'''
lemma set_integrable_rank_integrand:
  assumes "D \<in> {Frechet a, Pareto a}" "1 \<le> a" "finite B"
    and [measurable]: "h \<in> borel_measurable borel"
    and "\<And>z. \<bar>h z\<bar> \<le> K" "A \<in> sets lborel"
  shows "set_integrable lborel A (\<lambda>z. h z * rank_integrand D B lam i \<theta> z)"
    and "set_integrable lborel A (\<lambda>z. h z * rank_integrand D B lam i \<theta> z / (z + lam i))"
proof -
  define p where "p z = poisson_binomial (B - {i}) (\<lambda>k. 1 - cdf D (z + lam k)) (\<theta> - 1)" for z
  have [measurable]: "p \<in> borel_measurable borel"
    unfolding p_def[abs_def] poisson_binomial_def by measurable
  have "\<bar>p z\<bar> \<le> 1" for z
    unfolding p_def using assms cdf_nonneg[OF assms(1)] cdf_le_1[OF assms(1)]
    by (subst abs_of_nonneg) (auto intro!: poisson_binomial_bounds)
  then have bounded: "\<bar>h z * p z\<bar> \<le> K" for z
    using assms(5)[of z] mult_right_le_one_le[of "\<bar>h z\<bar>" "\<bar>p z\<bar>"] by (simp add: abs_mult)
  have mult: "set_integrable lborel A (\<lambda>z. h z * p z * f z)" if "integrable lborel f" for f
    by (rule set_integrable_bounded_mult[OF that _ bounded assms(6)]) measurable
  show "set_integrable lborel A (\<lambda>z. h z * rank_integrand D B lam i \<theta> z)"
    using mult[OF integrable_pdf_shift(1)[OF assms(1,2), of "lam i"]]
    by (simp add: rank_integrand_eq_poisson_binomial p_def mult.assoc)
  show "set_integrable lborel A (\<lambda>z. h z * rank_integrand D B lam i \<theta> z / (z + lam i))"
    using mult[OF integrable_pdf_shift(2)[OF assms(1,2), of "lam i"]]
    by (simp add: rank_integrand_eq_poisson_binomial p_def mult.assoc)
qed

lemma sum_rank_integrand_remove:
  assumes "finite B" "i \<in> B" "j \<in> B" "j \<noteq> i"
  shows "(\<Sum>\<theta>=1..Suc n. rank_integrand D B lam i \<theta> z)
       = (\<Sum>\<theta>=1..n. rank_integrand D (B - {j}) lam i \<theta> z)
         + cdf D (z + lam j) * rank_integrand D (B - {j}) lam i (Suc n) z"
proof -
  have sum_eq: "(\<Sum>\<theta>=1..k. rank_integrand D X lam i \<theta> z)
      = (\<Sum>s<k. poisson_binomial (X - {i}) (\<lambda>k. 1 - cdf D (z + lam k)) s) * pdf D (z + lam i)"
    for X k
    by (induction k) (simp_all add: rank_integrand_eq_poisson_binomial algebra_simps)
  have B: "B - {i} = insert j (B - {j} - {i})" "finite (B - {j} - {i})" "j \<notin> B - {j} - {i}"
    using assms by auto
  have "(\<Sum>s<Suc n. poisson_binomial (B - {i}) (\<lambda>k. 1 - cdf D (z + lam k)) s)
      = (\<Sum>s<n. poisson_binomial (B - {j} - {i}) (\<lambda>k. 1 - cdf D (z + lam k)) s)
        + cdf D (z + lam j) * poisson_binomial (B - {j} - {i}) (\<lambda>k. 1 - cdf D (z + lam k)) n"
    using sum_poisson_binomial_insert[OF B(2,3), where n = n] by (simp add: B(1))
  then show ?thesis
    unfolding sum_eq by (simp add: rank_integrand_eq_poisson_binomial algebra_simps)
qed

text \<open>The integrals of \<open>phi_theta\<close> and \<open>J_theta\<close> with the extra factor \<open>cdf D (z + t)\<close>: the
  probability that \<open>i\<close> has rank \<open>\<theta>\<close> and also beats a further competitor shifted by \<open>t\<close>.\<close>
definition phi_theta_cdf :: "nat \<Rightarrow> nat \<Rightarrow> (nat \<Rightarrow> real) \<Rightarrow> distr \<Rightarrow> nat set \<Rightarrow> real \<Rightarrow> real" where
  "phi_theta_cdf i \<theta> lam D B t
     = (LINT z:{lep D - lam i..}|lborel. cdf D (z + t) * rank_integrand D B lam i \<theta> z)"

definition J_theta_cdf :: "nat \<Rightarrow> nat \<Rightarrow> (nat \<Rightarrow> real) \<Rightarrow> distr \<Rightarrow> nat set \<Rightarrow> real \<Rightarrow> real" where
  "J_theta_cdf i \<theta> lam D B t
     = (LINT z:{lep D - lam i..}|lborel. cdf D (z + t) * rank_integrand D B lam i \<theta> z / (z + lam i))"

lemma phi_J_cong:
  assumes "i \<in> B" "\<And>k. k \<in> B \<Longrightarrow> lam k = lam' k"
  shows "phi i lam D m B = phi i lam' D m B" "J i lam D m B = J i lam' D m B"
    and "phi_theta_cdf i \<theta> lam D B t = phi_theta_cdf i \<theta> lam' D B t"
    and "J_theta_cdf i \<theta> lam D B t = J_theta_cdf i \<theta> lam' D B t"
  using rank_integrand_cong[OF assms] assms
  by (simp_all add: phi_def J_def phi_theta_def J_theta_def phi_theta_cdf_def J_theta_cdf_def)

lemma phi_J_eq_set_integral:
  assumes "D \<in> {Frechet a, Pareto a}" "1 \<le> a" "finite B"
  shows "phi i lam D m B = (LINT z:{lep D - lam i..}|lborel. \<Sum>\<theta>=1..m. rank_integrand D B lam i \<theta> z)"
    and "J i lam D m B
       = (LINT z:{lep D - lam i..}|lborel. (\<Sum>\<theta>=1..m. rank_integrand D B lam i \<theta> z) / (z + lam i))"
proof -
  let ?U = "{lep D - lam i..}"
  have "set_integrable lborel ?U (rank_integrand D B lam i \<theta>)"
    and "set_integrable lborel ?U (\<lambda>z. rank_integrand D B lam i \<theta> z / (z + lam i))" for \<theta>
    using set_integrable_rank_integrand[OF assms, where h = "\<lambda>_. 1" and K = 1 and A = ?U] by simp_all
  from set_integral_sum(2)[where I = "{1..m}", OF this(1)] set_integral_sum(2)[where I = "{1..m}", OF this(2)]
  show
    "phi i lam D m B = (LINT z:?U|lborel. \<Sum>\<theta>=1..m. rank_integrand D B lam i \<theta> z)"
    "J i lam D m B = (LINT z:?U|lborel. (\<Sum>\<theta>=1..m. rank_integrand D B lam i \<theta> z) / (z + lam i))"
    by (simp_all add: phi_def J_def phi_theta_def J_theta_def sum_divide_distrib)
qed

lemma phi_J_nonneg:
  assumes "D \<in> {Frechet a, Pareto a}" "1 \<le> a" "finite B"
  shows "0 \<le> phi i lam D m B" "0 \<le> J i lam D m B"
    and "0 \<le> phi_theta_cdf i \<theta> lam D B t" "0 \<le> J_theta_cdf i \<theta> lam D B t"
  using rank_integrand_bounds(1)[OF assms(1) _ assms(3)] cdf_nonneg[OF assms(1)] assms(2) lep_nonneg[of D]
  by (auto simp: phi_J_eq_set_integral[OF assms] phi_theta_cdf_def J_theta_cdf_def
      intro!: set_integral_nonneg sum_nonneg divide_nonneg_nonneg)

lemma J_eq_0_if_phi_eq_0:
  assumes "D \<in> {Frechet a, Pareto a}" "1 \<le> a" "finite B" "phi i lam D m B = 0"
  shows "J i lam D m B = 0"
proof -
  let ?U = "{lep D - lam i..}"
  have "set_integrable lborel ?U (rank_integrand D B lam i \<theta>)" for \<theta>
    using set_integrable_rank_integrand(1)[OF assms(1-3), where h = "\<lambda>_. 1" and K = 1 and A = ?U] by simp
  from set_integral_mult_eq_0[OF set_integral_sum(1)[where I = "{1..m}", OF this], where g = "\<lambda>z. 1 / (z + lam i)"]
  show ?thesis
    using rank_integrand_bounds(1)[OF assms(1) _ assms(3)] assms(2,4)
    by (simp add: phi_J_eq_set_integral[OF assms(1-3)] sum_nonneg)
qed

lemma set_integrable_cdf_rank_integrand:
  assumes "D \<in> {Frechet a, Pareto a}" "1 \<le> a" "finite B" "A \<in> sets lborel"
  shows "set_integrable lborel A (\<lambda>z. cdf D (z + t) * rank_integrand D B lam i \<theta> z)"
    and "set_integrable lborel A (\<lambda>z. cdf D (z + t) * rank_integrand D B lam i \<theta> z / (z + lam i))"
  using set_integrable_rank_integrand[OF assms(1-3) _ _ assms(4), where h = "\<lambda>z. cdf D (z + t)" and K = 1]
    cdf_nonneg[OF assms(1)] cdf_le_1[OF assms(1)] assms(2)
  by simp_all

lemma phi_J_Suc_remove:
  assumes "D \<in> {Frechet a, Pareto a}" "1 \<le> a" "finite B" "i \<in> B" "j \<in> B" "j \<noteq> i"
  shows "phi i lam D (Suc n) B = phi i lam D n (B - {j}) + phi_theta_cdf i (Suc n) lam D (B - {j}) (lam j)"
    and "J i lam D (Suc n) B = J i lam D n (B - {j}) + J_theta_cdf i (Suc n) lam D (B - {j}) (lam j)"
proof -
  let ?U = "{lep D - lam i..}"
  have B': "finite (B - {j})" using assms(3) by simp
  have "set_integrable lborel ?U (rank_integrand D (B - {j}) lam i \<theta>)"
    and "set_integrable lborel ?U (\<lambda>z. rank_integrand D (B - {j}) lam i \<theta> z / (z + lam i))" for \<theta>
    using set_integrable_rank_integrand[OF assms(1,2) B', where h = "\<lambda>_. 1" and K = 1 and A = ?U]
    by simp_all
  note sums = set_integral_sum(1)[where I = "{1..n}" and f = "\<lambda>\<theta>. rank_integrand D (B - {j}) lam i \<theta>", OF this(1)]
    set_integral_sum(1)[where I = "{1..n}" and f = "\<lambda>\<theta> z. rank_integrand D (B - {j}) lam i \<theta> z / (z + lam i)", OF this(2)]
  note cdf_terms = set_integrable_cdf_rank_integrand[OF assms(1,2) B', of ?U "lam j" lam i "Suc n"]
  show "phi i lam D (Suc n) B = phi i lam D n (B - {j}) + phi_theta_cdf i (Suc n) lam D (B - {j}) (lam j)"
    unfolding phi_J_eq_set_integral[OF assms(1-3)] phi_J_eq_set_integral[OF assms(1,2) B']
      sum_rank_integrand_remove[OF assms(3-6)] phi_theta_cdf_def
    using set_integral_add(2)[OF sums(1) cdf_terms(1)] by simp
  show "J i lam D (Suc n) B = J i lam D n (B - {j}) + J_theta_cdf i (Suc n) lam D (B - {j}) (lam j)"
    unfolding phi_J_eq_set_integral[OF assms(1-3)] phi_J_eq_set_integral[OF assms(1,2) B']
      sum_rank_integrand_remove[OF assms(3-6)] J_theta_cdf_def
    using set_integral_add(2)[OF sums(2) cdf_terms(2)]
    by (simp add: add_divide_distrib sum_divide_distrib)
qed

lemma phi_theta_cdf_mono:
  assumes "D \<in> {Frechet a, Pareto a}" "1 \<le> a" "finite B" "x \<le> y"
  shows "phi_theta_cdf i \<theta> lam D B x \<le> phi_theta_cdf i \<theta> lam D B y"
  unfolding phi_theta_cdf_def
  using monoD[OF cdf_mono[OF assms(1)]] rank_integrand_bounds(1)[OF assms(1) _ assms(3)] assms(2,4)
  by (intro set_integral_mono set_integrable_cdf_rank_integrand[OF assms(1-3)]) (auto intro!: mult_right_mono)

lemma J_theta_cdf_eq_0_if_phi_theta_cdf_eq_0:
  assumes "D \<in> {Frechet a, Pareto a}" "1 \<le> a" "finite B" "phi_theta_cdf i \<theta> lam D B t = 0"
  shows "J_theta_cdf i \<theta> lam D B t = 0"
  using set_integral_mult_eq_0[OF set_integrable_cdf_rank_integrand(1)[OF assms(1-3)], where g = "\<lambda>z. 1 / (z + lam i)"]
    assms(2,4) cdf_nonneg[OF assms(1)] rank_integrand_bounds(1)[OF assms(1) _ assms(3)]
  by (simp add: phi_theta_cdf_def J_theta_cdf_def)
'''
## AIM OF THE EXERCISE
Starting at the line above that contains "define p where", write out each line exactly until the line that contains "unfolding p_def using" has been written, and stop there.

## YOUR RESPONSE
  define p where "p z = poisson_binomial (B - {i}) (\<lambda>k. 1 - cdf D (z + lam k)) (\<theta> - 1)" for z
  have [measurable]: "p \<in> borel_measurable borel"
    unfolding p_def[abs_def] poisson_binomial_def by measurable
  have "\<bar>p z\<bar> \<le> 1" for z
    unfolding p_def using assms cdf_nonneg[OF assms(1)] cdf_le_1[OF assms(1)]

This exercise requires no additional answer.